Scan the entries below. Return every line that includes "where".

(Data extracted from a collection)
* * * * * * *

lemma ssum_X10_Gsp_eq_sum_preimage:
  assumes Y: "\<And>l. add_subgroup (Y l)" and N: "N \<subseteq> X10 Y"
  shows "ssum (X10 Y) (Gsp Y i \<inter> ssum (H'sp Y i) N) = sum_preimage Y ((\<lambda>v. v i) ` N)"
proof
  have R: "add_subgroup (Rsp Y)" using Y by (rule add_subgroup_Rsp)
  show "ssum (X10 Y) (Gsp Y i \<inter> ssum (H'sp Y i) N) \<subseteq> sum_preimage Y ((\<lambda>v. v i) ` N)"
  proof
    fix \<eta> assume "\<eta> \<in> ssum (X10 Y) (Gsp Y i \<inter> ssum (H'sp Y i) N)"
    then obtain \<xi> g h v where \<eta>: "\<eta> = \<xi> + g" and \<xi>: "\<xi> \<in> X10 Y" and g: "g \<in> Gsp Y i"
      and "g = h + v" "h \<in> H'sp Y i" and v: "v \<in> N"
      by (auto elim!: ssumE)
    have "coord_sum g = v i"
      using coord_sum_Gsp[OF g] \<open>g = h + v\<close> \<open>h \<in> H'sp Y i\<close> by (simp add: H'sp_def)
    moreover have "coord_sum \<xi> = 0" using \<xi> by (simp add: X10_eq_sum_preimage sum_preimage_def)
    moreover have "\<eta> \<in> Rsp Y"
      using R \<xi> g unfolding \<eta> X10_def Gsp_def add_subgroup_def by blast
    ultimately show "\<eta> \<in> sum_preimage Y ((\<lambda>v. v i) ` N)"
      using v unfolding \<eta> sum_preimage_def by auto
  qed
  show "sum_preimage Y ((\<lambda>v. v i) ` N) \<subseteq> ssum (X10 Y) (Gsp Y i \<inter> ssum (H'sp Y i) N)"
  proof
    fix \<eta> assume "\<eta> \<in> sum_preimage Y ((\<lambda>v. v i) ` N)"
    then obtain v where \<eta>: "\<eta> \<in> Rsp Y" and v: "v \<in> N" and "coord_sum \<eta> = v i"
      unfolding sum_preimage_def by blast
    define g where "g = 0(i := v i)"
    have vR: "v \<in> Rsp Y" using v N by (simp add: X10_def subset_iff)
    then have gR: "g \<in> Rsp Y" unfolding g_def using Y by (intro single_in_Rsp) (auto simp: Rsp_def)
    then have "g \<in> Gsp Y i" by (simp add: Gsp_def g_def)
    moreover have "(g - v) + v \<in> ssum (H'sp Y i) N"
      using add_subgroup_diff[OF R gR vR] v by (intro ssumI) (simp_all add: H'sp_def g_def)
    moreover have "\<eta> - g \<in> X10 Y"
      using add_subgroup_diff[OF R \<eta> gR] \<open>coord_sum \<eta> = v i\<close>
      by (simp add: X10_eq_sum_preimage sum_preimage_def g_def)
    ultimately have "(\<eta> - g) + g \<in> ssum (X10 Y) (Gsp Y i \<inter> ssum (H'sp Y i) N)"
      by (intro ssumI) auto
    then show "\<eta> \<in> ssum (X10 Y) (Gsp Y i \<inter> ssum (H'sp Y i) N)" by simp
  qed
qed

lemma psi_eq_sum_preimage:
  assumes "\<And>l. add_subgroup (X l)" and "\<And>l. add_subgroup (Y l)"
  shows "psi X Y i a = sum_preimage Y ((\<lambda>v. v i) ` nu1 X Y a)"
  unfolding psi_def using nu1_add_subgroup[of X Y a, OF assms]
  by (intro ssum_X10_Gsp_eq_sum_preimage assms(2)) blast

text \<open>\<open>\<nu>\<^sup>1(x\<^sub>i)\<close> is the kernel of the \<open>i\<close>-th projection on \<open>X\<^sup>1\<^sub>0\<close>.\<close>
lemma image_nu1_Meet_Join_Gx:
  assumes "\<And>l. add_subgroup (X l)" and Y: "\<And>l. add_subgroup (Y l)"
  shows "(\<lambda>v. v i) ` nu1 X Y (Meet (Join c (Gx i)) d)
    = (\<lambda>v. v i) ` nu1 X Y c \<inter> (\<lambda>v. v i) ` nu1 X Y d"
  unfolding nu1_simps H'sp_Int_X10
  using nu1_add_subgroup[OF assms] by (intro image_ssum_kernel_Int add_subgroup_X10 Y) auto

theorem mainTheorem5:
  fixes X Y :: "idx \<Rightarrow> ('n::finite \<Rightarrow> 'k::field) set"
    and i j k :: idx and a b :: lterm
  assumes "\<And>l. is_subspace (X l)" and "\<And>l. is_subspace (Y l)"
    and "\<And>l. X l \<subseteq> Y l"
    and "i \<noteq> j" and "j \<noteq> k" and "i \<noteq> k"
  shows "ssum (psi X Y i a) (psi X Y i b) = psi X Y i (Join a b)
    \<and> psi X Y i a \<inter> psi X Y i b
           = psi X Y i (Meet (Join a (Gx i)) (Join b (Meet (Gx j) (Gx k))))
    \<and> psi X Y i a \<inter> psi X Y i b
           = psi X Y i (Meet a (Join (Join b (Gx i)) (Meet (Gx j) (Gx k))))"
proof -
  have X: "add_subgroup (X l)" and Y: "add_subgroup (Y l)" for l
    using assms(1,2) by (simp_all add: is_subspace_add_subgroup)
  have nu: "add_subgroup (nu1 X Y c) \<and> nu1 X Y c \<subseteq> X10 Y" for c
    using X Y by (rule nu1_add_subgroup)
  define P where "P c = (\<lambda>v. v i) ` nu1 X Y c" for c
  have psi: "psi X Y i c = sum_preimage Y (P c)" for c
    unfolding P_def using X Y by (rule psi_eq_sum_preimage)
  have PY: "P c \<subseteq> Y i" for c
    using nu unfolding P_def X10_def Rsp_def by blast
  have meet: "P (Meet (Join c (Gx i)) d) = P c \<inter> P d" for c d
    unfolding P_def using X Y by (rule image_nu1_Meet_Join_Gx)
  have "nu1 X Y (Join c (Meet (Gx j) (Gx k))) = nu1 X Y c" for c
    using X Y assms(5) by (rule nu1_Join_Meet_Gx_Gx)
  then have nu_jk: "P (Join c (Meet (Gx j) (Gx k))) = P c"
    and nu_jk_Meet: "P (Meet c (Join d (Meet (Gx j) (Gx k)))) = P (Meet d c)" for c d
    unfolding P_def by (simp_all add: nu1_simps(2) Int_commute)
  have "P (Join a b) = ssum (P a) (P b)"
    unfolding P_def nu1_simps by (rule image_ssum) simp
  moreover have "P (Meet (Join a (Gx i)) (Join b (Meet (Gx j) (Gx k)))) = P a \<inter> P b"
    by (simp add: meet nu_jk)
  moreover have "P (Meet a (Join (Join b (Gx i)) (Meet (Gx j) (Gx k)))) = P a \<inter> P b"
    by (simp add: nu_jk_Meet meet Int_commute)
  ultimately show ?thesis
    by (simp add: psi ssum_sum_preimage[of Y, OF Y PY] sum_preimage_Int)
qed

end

* * * * * * *

— Solution —
    then obtain \<xi> g h v where \<eta>: "\<eta> = \<xi> + g" and \<xi>: "\<xi> \<in> X10 Y" and g: "g \<in> Gsp Y i"
    then obtain v where \<eta>: "\<eta> \<in> Rsp Y" and v: "v \<in> N" and "coord_sum \<eta> = v i"
    define g where "g = 0(i := v i)"
  define P where "P c = (\<lambda>v. v i) ` nu1 X Y c" for c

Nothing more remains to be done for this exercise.